Am 26. März hatte ich einen tollen Lauf in Kapstadt über 56 km, so dass ich nicht wusste, wie ich drauf bin für Paris. Körperlich oberflächlich erholt (Eine Rücksprache mit Manfred Steffny erbrachte als Tipp, Paris als Genusslauf über 4 Stunden, 4:00 bis 4.30 anzugehen). Die Wetterberichte verhießen nichts Gutes. Am Samstag pfeift ein eisiger Wind durch Paris, 2 bis 4 Grad vormittags und Wind bis 30 km/h, kalt dazu. Na toll! Immerhin heißt es, dass der Sonntag milder werden soll: 4-6 Grad, kaum Wind, trocken.

Tatsächlich ist es Sonntagmorgen milder, kaum Wind. Von unserem Hotel in Startnähe sind es zu Fuß 5 Minuten. Die Masse der Läufer erschlägt und motiviert kaum. Tatsächlich gibt es Probleme, in die Startaufstellung zu kommen. Ein Durchlass von ca. 80 cm ist für jede Startgruppe geöffnet. Einige Läufer schreiten zur Selbsthilfe und demontieren einfach ein Zaunelement. So kommen die meisten doch noch rechtzeitig in die Startaufstellung. Ein ziemliches Gedränge und Schieben. Nach dem Startschuss geht es im langsamen Schritttempo zunächst 7 Minuten bis zur Startlinie. Immerhin wertet Paris die reale Netto Zeit und nicht die berühmte Brutto Zeit (die in Frankfurt ja bei vielen zu Frustrationen führte). Ich hoffe, dass sich der Pulk nach ein paar Kilometern auf löst. Denkste. Es bleibt so bis auf die Ziellinie.

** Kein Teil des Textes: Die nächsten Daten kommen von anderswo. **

section \<open>Cyclic vectors and dense orbits\<close>

lemma lin_form_vanishing_on_dense:
  assumes "zariski_dense N S" "S \<subseteq> proj_pts N" "l \<in> carrier_vec (Suc N)"
    and "\<forall>x\<in>S. lin_form l x = 0"
  shows "l = 0\<^sub>v (Suc N)"
proof (rule eq_vecI)
  fix i assume "i < dim_vec (0\<^sub>v (Suc N) :: alg vec)"
  then have i: "i < Suc N" by simp
  let ?e = "unit_vec (Suc N) i :: alg vec"
  have "pt_of_vec ?e \<in> proj_pts N"
    using i by (intro pt_of_vec_in_proj_pts) auto
  then have "lin_form l (pt_of_vec ?e) = 0"
    using zariski_denseD[OF assms(1,2) homog_poly_lin_form[OF assms(3)]] assms(4) by blast
  moreover have "lin_form l (pt_of_vec ?e) = of_alg (l $ i)"
    using assms(3) i by (simp add: lin_form_pt_of_vec[of _ "Suc N"])
  ultimately show "l $ i = 0\<^sub>v (Suc N) $ i"
    using i by simp
qed (use assms(3) in simp)

lemma zariski_dense_linear_image:
  assumes G: "G \<in> carrier_mat (Suc N) (Suc N)" "det G \<noteq> 0"
    and S: "zariski_dense N S" "S \<subseteq> proj_pts N"
  shows "zariski_dense N (mat_apply N (of_alg_mat G) ` S)"
proof (rule zariski_denseI)
  fix p assume p: "homog_poly N p" "\<forall>y\<in>mat_apply N (of_alg_mat G) ` S. p y = 0"
  have pG: "p (mat_apply N (of_alg_mat G) x) = 0" if "x \<in> proj_pts N" for x
    using zariski_denseD[OF S homog_poly_compose_linear[OF p(1) G(1)]] p(2) that by blast
  show "\<forall>y\<in>proj_pts N. p y = 0"
  proof
    fix y assume y: "y \<in> proj_pts N"
    obtain w where w: "w \<in> carrier_vec (Suc N)" "G *\<^sub>v w = vec_of_pt (Suc N) y"
      using mult_mat_vec_solvable[OF G vec_of_pt_carrier] by blast
    have "w \<noteq> 0\<^sub>v (Suc N)"
    proof
      assume "w = 0\<^sub>v (Suc N)"
      then have "G *\<^sub>v w = 0\<^sub>v (Suc N)"
        using G(1) by (intro eq_vecI) auto
      with w(2) vec_of_pt_nonzero[OF y] show False by simp
    qed
    with w(1) have "pt_of_vec w \<in> proj_pts N"
      by (rule pt_of_vec_in_proj_pts)
    moreover have "mat_apply N (of_alg_mat G) (pt_of_vec w) = y"
      using mat_apply_pt_of_vec[OF G(1) w(1)] w(2) pt_of_vec_of_pt[OF y] by simp
    ultimately show "p y = 0"
      using pG by blast
  qed
qed

lemma orbit_pt_of_vec_commuting:
  assumes M: "M \<in> carrier_mat (Suc N) (Suc N)" and G: "G \<in> carrier_mat (Suc N) (Suc N)"
    and comm: "G * M = M * G" and v: "v \<in> carrier_vec (Suc N)"
  shows "orbit (mat_apply N (of_alg_mat M)) (pt_of_vec (G *\<^sub>v v)) =
    mat_apply N (of_alg_mat G) ` orbit (mat_apply N (of_alg_mat M)) (pt_of_vec v)"
proof -
  have "pt_of_vec ((M ^\<^sub>m k) *\<^sub>v (G *\<^sub>v v)) =
      mat_apply N (of_alg_mat G) (pt_of_vec ((M ^\<^sub>m k) *\<^sub>v v))" for k
  proof -
    have "(M ^\<^sub>m k) *\<^sub>v (G *\<^sub>v v) = (M ^\<^sub>m k * G) *\<^sub>v v"
      using assoc_mult_mat_vec[OF pow_carrier_mat[OF M] G v, of k] by simp
    also have "\<dots> = (G * M ^\<^sub>m k) *\<^sub>v v"
      by (simp only: pow_mat_commute[OF G M comm])
    also have "\<dots> = G *\<^sub>v ((M ^\<^sub>m k) *\<^sub>v v)"
      using assoc_mult_mat_vec[OF G pow_carrier_mat[OF M] v, of k] by simp
    finally show ?thesis
      using mat_apply_pt_of_vec[OF G mult_mat_vec_carrier[OF pow_carrier_mat[OF M] v]] by simp
  qed
  moreover have "G *\<^sub>v v \<in> carrier_vec (Suc N)"
    using G v by simp
  ultimately show ?thesis
    by (simp add: orbit_pt_of_vec[OF M v] orbit_pt_of_vec[OF M] image_image)
qed

definition krylov_det :: "nat \<Rightarrow> alg mat \<Rightarrow> (nat \<Rightarrow> complex) \<Rightarrow> complex" where
  "krylov_det N M x = det (mat (Suc N) (Suc N) (\<lambda>(i, k). mat_apply N (of_alg_mat (M ^\<^sub>m k)) x i))"

lemma homog_poly_krylov_det:
  assumes M: "M \<in> carrier_mat (Suc N) (Suc N)"
  shows "homog_poly N (krylov_det N M)"
  unfolding homog_poly_def
proof
  have "qbar_poly N (\<lambda>x. mat_apply N (of_alg_mat (M ^\<^sub>m k)) x i)" if "i < Suc N" for i k
    using that homog_poly_lin_form[of "row (M ^\<^sub>m k) i" N]
      row_carrier_vec[OF that pow_carrier_mat[OF M]]
      mat_apply_eq_lin_form[OF pow_carrier_mat[OF M], of i]
    by (simp add: homog_poly_def)
  then show "qbar_poly N (krylov_det N M)"
    unfolding krylov_det_def by (intro qbar_poly_det) auto
  have "mat (Suc N) (Suc N) (\<lambda>(i, k). mat_apply N (of_alg_mat (M ^\<^sub>m k)) (\<lambda>i. c * x i) i) =
      c \<cdot>\<^sub>m mat (Suc N) (Suc N) (\<lambda>(i, k). mat_apply N (of_alg_mat (M ^\<^sub>m k)) x i)" for c x
    by (rule eq_matI) (simp_all add: mat_apply_scale)
  then have "krylov_det N M (\<lambda>i. c * x i) = c ^ Suc N * krylov_det N M x" for c x
    by (simp add: krylov_det_def)
  then show "\<exists>d. \<forall>c x. krylov_det N M (\<lambda>i. c * x i) = c ^ d * krylov_det N M x"
    by blast
qed

lemma krylov_det_pt_of_vec:
  assumes M: "M \<in> carrier_mat (Suc N) (Suc N)" and v: "v \<in> carrier_vec (Suc N)"
  shows "krylov_det N M (pt_of_vec v) = of_alg (det (krylov_mat M v))"
proof -
  have "mat (Suc N) (Suc N) (\<lambda>(i, k). mat_apply N (of_alg_mat (M ^\<^sub>m k)) (pt_of_vec v) i) =
      map_mat of_alg (krylov_mat M v)"
    using M v mat_apply_pt_of_vec[OF pow_carrier_mat[OF M] v]
    by (intro eq_matI) (simp_all add: krylov_mat_def pt_of_vec_def)
  then show ?thesis
    by (simp add: krylov_det_def)
qed

context
  fixes N :: nat and M :: "alg mat"
  assumes M: "M \<in> carrier_mat (Suc N) (Suc N)" and det_M: "det M \<noteq> 0"
begin

lemma orbit_subset_proj_pts:
  assumes "v \<in> carrier_vec (Suc N)" "v \<noteq> 0\<^sub>v (Suc N)"
  shows "orbit (mat_apply N (of_alg_mat M)) (pt_of_vec v) \<subseteq> proj_pts N"
  using pt_of_vec_in_proj_pts[OF mult_mat_vec_carrier[OF pow_carrier_mat[OF M] assms(1)]]
    pow_mat_mult_vec_nonzero[OF M det_M assms]
  by (auto simp: orbit_pt_of_vec[OF M assms(1)])

lemma dense_orbit_imp_krylov_det_nonzero:
  assumes v: "v \<in> carrier_vec (Suc N)" "v \<noteq> 0\<^sub>v (Suc N)"
    and dense: "zariski_dense N (orbit (mat_apply N (of_alg_mat M)) (pt_of_vec v))"
  shows "det (krylov_mat M v) \<noteq> 0"
proof
  assume "det (krylov_mat M v) = 0"
  then obtain l where l: "l \<in> carrier_vec (Suc N)" "l \<noteq> 0\<^sub>v (Suc N)"
    "\<And>j. l \<bullet> ((M ^\<^sub>m j) *\<^sub>v v) = 0"
    using krylov_mat_det_zero_imp_annihilator[OF M v(1)] by blast
  have "lin_form l (pt_of_vec ((M ^\<^sub>m j) *\<^sub>v v)) = 0" for j
    using lin_form_pt_of_vec[OF l(1) mult_mat_vec_carrier[OF pow_carrier_mat[OF M] v(1)]] l(3)
    by simp
  then have "\<forall>x\<in>orbit (mat_apply N (of_alg_mat M)) (pt_of_vec v). lin_form l x = 0"
    by (auto simp: orbit_pt_of_vec[OF M v(1)])
  with l(2) show False
    using lin_form_vanishing_on_dense[OF dense orbit_subset_proj_pts[OF v] l(1)] by simp
qed

lemma krylov_det_nonzero_imp_dense_orbit:
  assumes v: "v \<in> carrier_vec (Suc N)" "v \<noteq> 0\<^sub>v (Suc N)" "det (krylov_mat M v) \<noteq> 0"
    and dense: "zariski_dense N (orbit (mat_apply N (of_alg_mat M)) (pt_of_vec v))"
    and w: "w \<in> carrier_vec (Suc N)" "det (krylov_mat M w) \<noteq> 0"
  shows "zariski_dense N (orbit (mat_apply N (of_alg_mat M)) (pt_of_vec w))"
proof -
  obtain c where c: "c \<in> carrier_vec (Suc N)" "krylov_mat M v *\<^sub>v c = w"
    using mult_mat_vec_solvable[OF krylov_mat_carrier[OF M] v(3) w(1)] by blast
  define G where "G = poly_eval_mat M c"
  have G: "G \<in> carrier_mat (Suc N) (Suc N)" "G * M = M * G" "G *\<^sub>v v = w"
    using M v(1) c poly_eval_mat_commute[OF M] poly_eval_mat_mult_vec[OF M v(1) c(1)]
    by (simp_all add: G_def)
  have "det G * det (krylov_mat M v) = det (krylov_mat M w)"
    using krylov_mat_commute[OF M G(1) v(1) G(2)] G(3)
      det_mult[OF G(1) krylov_mat_carrier[OF M, of v]] by simp
  with w(2) have det_G: "det G \<noteq> 0" by auto
  have "orbit (mat_apply N (of_alg_mat M)) (pt_of_vec w) =
      mat_apply N (of_alg_mat G) ` orbit (mat_apply N (of_alg_mat M)) (pt_of_vec v)"
    using orbit_pt_of_vec_commuting[OF M G(1,2) v(1)] G(3) by simp
  then show ?thesis
    using zariski_dense_linear_image[OF G(1) det_G dense orbit_subset_proj_pts[OF v(1,2)]] by simp
qed

lemma dense_orbit_pts_contains_open:
  assumes "dense_orbit_pts N (mat_apply N (of_alg_mat M)) \<noteq> {}"
  shows "\<exists>U. zariski_open N U \<and> U \<noteq> {} \<and> U \<subseteq> dense_orbit_pts N (mat_apply N (of_alg_mat M))"
proof -
  let ?f = "mat_apply N (of_alg_mat M)"
  obtain P where P: "P \<in> proj_pts N" "zariski_dense N (orbit ?f P)"
    using assms by (auto simp: dense_orbit_pts_def)
  define v where "v = vec_of_pt (Suc N) P"
  have v: "v \<in> carrier_vec (Suc N)" "v \<noteq> 0\<^sub>v (Suc N)" "pt_of_vec v = P"
    using vec_of_pt_nonzero[OF P(1)] pt_of_vec_of_pt[OF P(1)] by (simp_all add: v_def)
  have dense_v: "zariski_dense N (orbit ?f (pt_of_vec v))"
    using P(2) v(3) by simp
  have det_v: "det (krylov_mat M v) \<noteq> 0"
    by (rule dense_orbit_imp_krylov_det_nonzero[OF v(1,2) dense_v])
  let ?U = "{x \<in> proj_pts N. krylov_det N M x \<noteq> 0}"
  have "proj_pts N - ?U = zariski_zero N {krylov_det N M}"
    by (auto simp: zariski_zero_def)
  then have "zariski_open N ?U"
    unfolding zariski_open_def zariski_closed_def using homog_poly_krylov_det[OF M] by auto
  moreover have "P \<in> ?U"
    using P(1) det_v krylov_det_pt_of_vec[OF M v(1)] v(3) by simp
  moreover have "?U \<subseteq> dense_orbit_pts N ?f"
  proof
    fix x assume x: "x \<in> ?U"
    define w where "w = vec_of_pt (Suc N) x"
    have w: "w \<in> carrier_vec (Suc N)" "pt_of_vec w = x"
      using x pt_of_vec_of_pt by (simp_all add: w_def)
    then have "det (krylov_mat M w) \<noteq> 0"
      using x krylov_det_pt_of_vec[OF M w(1)] by simp
    then have "zariski_dense N (orbit ?f x)"
      using krylov_det_nonzero_imp_dense_orbit[OF v(1,2) det_v dense_v w(1)] w(2) by simp
    with x show "x \<in> dense_orbit_pts N ?f"
      by (simp add: dense_orbit_pts_def)
  qed
  ultimately show ?thesis by blast
qed
(* Let $X$ be an L-space and $U\in{\sf ClopUp}(X)$. (1) $\mathrm{cen}\,U\subseteq\mathrm{reg}\,U$. (2) If $X$ is a zero-dimensional L-space, then $X$ is a regular L-space. (3) If $X$ is a Stone L-space, then $X$ is a compact regular L-space.
   Context: A Priestley space is a Stone space $X$ with a partial order such that clopen upsets separate points. An L-space is a Priestley space in which the downset of each clopen set is clopen and the closure of each open upset is open. ${\sf ClopUp}(X)$ is the set of clopen upsets; $\mathrm{cl}$ denotes closure. A biset is a subset that is both an upset and a downset; ${\sf ClopBi}(X)$ is the set of clopen bisets. For $U\in{\sf ClopUp}(X)$: $\mathrm{cen}\,U=\bigcup\{V\in{\sf ClopBi}(X)\mid V\subseteq U\}$; $\mathrm{reg}\,U=\bigcup\{V\in{\sf ClopUp}(X)\mid {\downarrow}V\subseteq U\}$. For $U,V\in{\sf ClopUp}(X)$, $V\ll U$ means that for every open upset $W$, $U\subseteq\mathrm{cl}\,W$ implies $V\subseteq W$; $\ker U=\bigcup\{V\in{\sf ClopUp}(X)\mid V\ll U\}$. $X$ is L-compact if $X=\ker X$. $X$ is a zero-dimensional L-space if $\mathrm{cen}\,U$ is dense in $U$ for every $U\in{\sf ClopUp}(X)$; a Stone L-space is an L-compact zero-dimensional L-space. $X$ is a regular L-space if $\mathrm{reg}\,U$ is dense in $U$ for every $U\in{\sf ClopUp}(X)$; a compact regular L-space is an L-compact regular L-space. *)

theory Defs
  imports "HOL-Analysis.Analysis"
begin

definition partial_order_on_space :: "'a topology \<Rightarrow> ('a \<Rightarrow> 'a \<Rightarrow> bool) \<Rightarrow> bool" where
  "partial_order_on_space X le \<longleftrightarrow>
     (\<forall>x\<in>topspace X. le x x) \<and>
     (\<forall>x\<in>topspace X. \<forall>y\<in>topspace X. \<forall>z\<in>topspace X. le x y \<longrightarrow> le y z \<longrightarrow> le x z) \<and>
     (\<forall>x\<in>topspace X. \<forall>y\<in>topspace X. le x y \<longrightarrow> le y x \<longrightarrow> x = y)"

definition clopen_in :: "'a topology \<Rightarrow> 'a set \<Rightarrow> bool" where
  "clopen_in X A \<longleftrightarrow> openin X A \<and> closedin X A"

definition upset :: "'a topology \<Rightarrow> ('a \<Rightarrow> 'a \<Rightarrow> bool) \<Rightarrow> 'a set \<Rightarrow> bool" where
  "upset X le A \<longleftrightarrow> A \<subseteq> topspace X \<and> (\<forall>x\<in>A. \<forall>y\<in>topspace X. le x y \<longrightarrow> y \<in> A)"

definition downset :: "'a topology \<Rightarrow> ('a \<Rightarrow> 'a \<Rightarrow> bool) \<Rightarrow> 'a set \<Rightarrow> bool" where
  "downset X le A \<longleftrightarrow> A \<subseteq> topspace X \<and> (\<forall>x\<in>A. \<forall>y\<in>topspace X. le y x \<longrightarrow> y \<in> A)"

definition down :: "'a topology \<Rightarrow> ('a \<Rightarrow> 'a \<Rightarrow> bool) \<Rightarrow> 'a set \<Rightarrow> 'a set" where
  "down X le A = {y \<in> topspace X. \<exists>x\<in>A. le y x}"

definition ClopUp :: "'a topology \<Rightarrow> ('a \<Rightarrow> 'a \<Rightarrow> bool) \<Rightarrow> 'a set set" where
  "ClopUp X le = {A. clopen_in X A \<and> upset X le A}"

definition ClopBi :: "'a topology \<Rightarrow> ('a \<Rightarrow> 'a \<Rightarrow> bool) \<Rightarrow> 'a set set" where
  "ClopBi X le = {A. clopen_in X A \<and> upset X le A \<and> downset X le A}"

definition stone_space :: "'a topology \<Rightarrow> bool" where
  "stone_space X \<longleftrightarrow> compact_space X \<and> Hausdorff_space X \<and> X dim_le 0"

definition priestley_space :: "'a topology \<Rightarrow> ('a \<Rightarrow> 'a \<Rightarrow> bool) \<Rightarrow> bool" where
  "priestley_space X le \<longleftrightarrow> stone_space X \<and> partial_order_on_space X le \<and>
     (\<forall>x\<in>topspace X. \<forall>y\<in>topspace X. \<not> le x y \<longrightarrow>
        (\<exists>U\<in>ClopUp X le. x \<in> U \<and> y \<notin> U))"

definition L_space :: "'a topology \<Rightarrow> ('a \<Rightarrow> 'a \<Rightarrow> bool) \<Rightarrow> bool" where
  "L_space X le \<longleftrightarrow> priestley_space X le \<and>
     (\<forall>A. clopen_in X A \<longrightarrow> clopen_in X (down X le A)) \<and>
     (\<forall>W. openin X W \<and> upset X le W \<longrightarrow> openin X (X closure_of W))"

definition cen :: "'a topology \<Rightarrow> ('a \<Rightarrow> 'a \<Rightarrow> bool) \<Rightarrow> 'a set \<Rightarrow> 'a set" where
  "cen X le U = \<Union>{V \<in> ClopBi X le. V \<subseteq> U}"

definition reg :: "'a topology \<Rightarrow> ('a \<Rightarrow> 'a \<Rightarrow> bool) \<Rightarrow> 'a set \<Rightarrow> 'a set" where
  "reg X le U = \<Union>{V \<in> ClopUp X le. down X le V \<subseteq> U}"

definition way_below :: "'a topology \<Rightarrow> ('a \<Rightarrow> 'a \<Rightarrow> bool) \<Rightarrow> 'a set \<Rightarrow> 'a set \<Rightarrow> bool" where
  "way_below X le V U \<longleftrightarrow>
     (\<forall>W. openin X W \<and> upset X le W \<longrightarrow> U \<subseteq> X closure_of W \<longrightarrow> V \<subseteq> W)"

definition ker :: "'a topology \<Rightarrow> ('a \<Rightarrow> 'a \<Rightarrow> bool) \<Rightarrow> 'a set \<Rightarrow> 'a set" where
  "ker X le U = \<Union>{V \<in> ClopUp X le. way_below X le V U}"

definition L_compact :: "'a topology \<Rightarrow> ('a \<Rightarrow> 'a \<Rightarrow> bool) \<Rightarrow> bool" where
  "L_compact X le \<longleftrightarrow> topspace X = ker X le (topspace X)"

text \<open>"S is dense in U" for S \<subseteq> U: U \<subseteq> closure of S.\<close>
definition zero_dim_L_space :: "'a topology \<Rightarrow> ('a \<Rightarrow> 'a \<Rightarrow> bool) \<Rightarrow> bool" where
  "zero_dim_L_space X le \<longleftrightarrow> L_space X le \<and>
     (\<forall>U\<in>ClopUp X le. U \<subseteq> X closure_of (cen X le U))"

definition stone_L_space :: "'a topology \<Rightarrow> ('a \<Rightarrow> 'a \<Rightarrow> bool) \<Rightarrow> bool" where
  "stone_L_space X le \<longleftrightarrow> L_compact X le \<and> zero_dim_L_space X le"

definition regular_L_space :: "'a topology \<Rightarrow> ('a \<Rightarrow> 'a \<Rightarrow> bool) \<Rightarrow> bool" where
  "regular_L_space X le \<longleftrightarrow> L_space X le \<and>
     (\<forall>U\<in>ClopUp X le. U \<subseteq> X closure_of (reg X le U))"

definition compact_regular_L_space :: "'a topology \<Rightarrow> ('a \<Rightarrow> 'a \<Rightarrow> bool) \<Rightarrow> bool" where
  "compact_regular_L_space X le \<longleftrightarrow> L_compact X le \<and> regular_L_space X le"

end

theory Submission
  imports Defs
begin

text \<open>A clopen biset contained in U is a clopen upset whose downset is itself, hence lies in U;
so cen U \<subseteq> reg U, and density of cen U in U passes to the larger set reg U.\<close>

lemma down_subset_if_downset: "downset X le V \<Longrightarrow> down X le V \<subseteq> V"
  unfolding downset_def down_def by auto

lemma cen_subset_reg: "cen X le U \<subseteq> reg X le U"
proof
  fix x assume "x \<in> cen X le U"
  then obtain V where V: "V \<in> ClopBi X le" "V \<subseteq> U" "x \<in> V"
    unfolding cen_def by auto
  then have "V \<in> ClopUp X le" "down X le V \<subseteq> U"
    using down_subset_if_downset[of X le V] unfolding ClopBi_def ClopUp_def by auto
  with V show "x \<in> reg X le U"
    unfolding reg_def by auto
qed

lemma zero_dim_L_space_imp_regular_L_space:
  assumes "zero_dim_L_space X le"
  shows "regular_L_space X le"
  unfolding regular_L_space_def
proof (intro conjI ballI)
  show "L_space X le"
    using assms unfolding zero_dim_L_space_def by auto
  fix U assume "U \<in> ClopUp X le"
  then have "U \<subseteq> X closure_of (cen X le U)"
    using assms unfolding zero_dim_L_space_def by auto
  also have "\<dots> \<subseteq> X closure_of (reg X le U)"
    by (rule closure_of_mono[OF cen_subset_reg])
  finally show "U \<subseteq> X closure_of (reg X le U)" .
qed

lemma stone_L_space_imp_compact_regular_L_space:
  "stone_L_space X le \<Longrightarrow> compact_regular_L_space X le"
  unfolding stone_L_space_def compact_regular_L_space_def
  using zero_dim_L_space_imp_regular_L_space by blast

theorem lemma5p12:
  fixes X :: "'a topology" and le :: "'a \<Rightarrow> 'a \<Rightarrow> bool" and U :: "'a set"
  assumes "L_space X le" and "U \<in> ClopUp X le"
  shows "cen X le U \<subseteq> reg X le U \<and>
         (zero_dim_L_space X le \<longrightarrow> regular_L_space X le) \<and>
         (stone_L_space X le \<longrightarrow> compact_regular_L_space X le)"
  using cen_subset_reg[of X le U] zero_dim_L_space_imp_regular_L_space[of X le]
    stone_L_space_imp_compact_regular_L_space[of X le] by blast

end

Ziemliches Gedränge, Läufer überholen, rempeln. Ellbogen werden eingesetzt. So stelle ich mir entspanntes Laufen nicht vor. Die Streckenführung lässt von Paris und seinen Highlights nicht allzu viel sehen, der Parcours führt hautsächlich durch Häuserschluchten. An der Seine entlang, mal 2 km durch einen Tunnel. Ich kann mir Schöneres vorstellen.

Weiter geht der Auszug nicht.